Compare GWW & ROK Stocks: Price Trends, ML Decisions, Charts, Trends, Technical Analysis and more.
Founded in 1927, W.W. Grainger originally distributed various motors via a mail-order catalogue. Over the course of the 20th century, the firm expanded into new industrial product categories and launched its first digital catalogue in 1995. Today, the company organizes itself into two segments focused on different customer bases. Its larger segment, high-touch solutions, offers a vast array of maintenance, repair, and operations, or MRO, supplies and bespoke inventory management services to larger businesses. Its smaller segment, endless assortment, operates two online platforms, Zoro and MonotaRO, that offer comprehensive catalogues of MRO supplies to smaller businesses. Grainger has operations throughout the world but primarily generates sales within the US.

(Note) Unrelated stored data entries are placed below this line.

(* Let $I\subseteq S=\Bbbk[x_1,\dots,x_n]$ be a squarefree monomial ideal which is Gotzmann in $S$, and suppose $I\subseteq(x_i)$. Then the ideal $\frac{1}{x_i}I=\{f\in S: x_if\in I\}$ (generated by the monomials $m/x_i$ for $m$ a minimal generator of $I$) is Gotzmann in $S$.
   Context: Let $\Bbbk$ be a field and $S=\Bbbk[x_1,\dots,x_n]$, $\mathbf m=(x_1,\dots,x_n)$. A monomial ideal is squarefree if its minimal monomial generators are squarefree. For a homogeneous ideal $I$, $I_d$ is its degree-$d$ component, $|I_d|$ its $\Bbbk$-dimension, and $\mathbf m_1I_d$ the span of $\{x_jf: f\in I_d\}$. An ideal $I$ of $S$ is Gotzmann if for every $d$ and every homogeneous ideal $J\subseteq S$ with $|J_d|=|I_d|$ one has $|\mathbf m_1I_d|\le|\mathbf m_1J_d|$. *)

theory Defs
  imports Complex_Main "HOL-Library.Poly_Mapping"
begin

text \<open>S = k[x_0,...,x_{n-1}] is the set of
 polynomials all of whose monomials only involve variables with index < n.\<close>

type_synonym 'k mpoly = "(nat \<Rightarrow>\<^sub>0 nat) \<Rightarrow>\<^sub>0 'k"

definition polyS :: "nat \<Rightarrow> ('k::field) mpoly set" where
  "polyS n = {p. \<forall>m \<in> Poly_Mapping.keys p. Poly_Mapping.keys m \<subseteq> {..<n}}"

definition var :: "nat \<Rightarrow> ('k::field) mpoly" where
  "var j = Poly_Mapping.single (Poly_Mapping.single j 1) 1"

definition monomial_pm :: "(nat \<Rightarrow>\<^sub>0 nat) \<Rightarrow> ('k::field) mpoly" where
  "monomial_pm m = Poly_Mapping.single m 1"

definition mdeg :: "(nat \<Rightarrow>\<^sub>0 nat) \<Rightarrow> nat" where
  "mdeg m = (\<Sum>j\<in>Poly_Mapping.keys m. Poly_Mapping.lookup m j)"

definition kscale :: "'k::field \<Rightarrow> 'k mpoly \<Rightarrow> 'k mpoly" where
  "kscale c p = Poly_Mapping.map (\<lambda>a. c * a) p"

definition kspan :: "('k::field) mpoly set \<Rightarrow> 'k mpoly set" where
  "kspan V = module.span kscale V"

definition kdim :: "('k::field) mpoly set \<Rightarrow> nat" where
  "kdim V = vector_space.dim kscale V"

definition is_ideal :: "nat \<Rightarrow> ('k::field) mpoly set \<Rightarrow> bool" where
  "is_ideal n J \<longleftrightarrow> J \<subseteq> polyS n \<and> 0 \<in> J \<and>
     (\<forall>p\<in>J. \<forall>q\<in>J. p + q \<in> J) \<and> (\<forall>f\<in>polyS n. \<forall>p\<in>J. f * p \<in> J)"

definition ideal_gen :: "nat \<Rightarrow> ('k::field) mpoly set \<Rightarrow> 'k mpoly set" where
  "ideal_gen n G = \<Inter>{J. is_ideal n J \<and> G \<subseteq> J}"

definition hcomp :: "nat \<Rightarrow> ('k::field) mpoly \<Rightarrow> 'k mpoly" where
  "hcomp d p = Abs_poly_mapping (\<lambda>m. Poly_Mapping.lookup p m when mdeg m = d)"

definition homogeneous :: "nat \<Rightarrow> ('k::field) mpoly \<Rightarrow> bool" where
  "homogeneous d p \<longleftrightarrow> (\<forall>m\<in>Poly_Mapping.keys p. mdeg m = d)"

definition homog_ideal :: "nat \<Rightarrow> ('k::field) mpoly set \<Rightarrow> bool" where
  "homog_ideal n J \<longleftrightarrow> is_ideal n J \<and> (\<forall>p\<in>J. \<forall>d. hcomp d p \<in> J)"

definition degcomp :: "('k::field) mpoly set \<Rightarrow> nat \<Rightarrow> 'k mpoly set" where
  "degcomp I d = {p\<in>I. homogeneous d p}"

definition m1mul :: "nat \<Rightarrow> ('k::field) mpoly set \<Rightarrow> 'k mpoly set" where
  "m1mul n V = kspan {var j * f | j f. j < n \<and> f \<in> V}"

definition gotzmann :: "nat \<Rightarrow> ('k::field) mpoly set \<Rightarrow> bool" where
  "gotzmann n I \<longleftrightarrow> (\<forall>d. \<forall>J::'k mpoly set. homog_ideal n J \<and>
      kdim (degcomp J d) = kdim (degcomp I d) \<longrightarrow>
      kdim (m1mul n (degcomp I d)) \<le> kdim (m1mul n (degcomp J d)))"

With roots tracing back to the early 1900s, Rockwell Automation is the successor to Rockwell International, which spun off its avionics segment in 2001. It is a pure-play industrial automation company that operates through three segments. Its largest segment by revenue, intelligent devices, sells factory floor-level devices such as motors, drives, sensors, relays, and actuators. Its software and control segment sells visualization, simulation, and human-machine interface software and control products such as programmable controllers, computers, and operator terminals. Its smallest segment, lifecycle services, offers digital consulting, engineered-to-order services, and other outsourced services such as remote monitoring, cybersecurity, and asset and plant maintenance and optimization.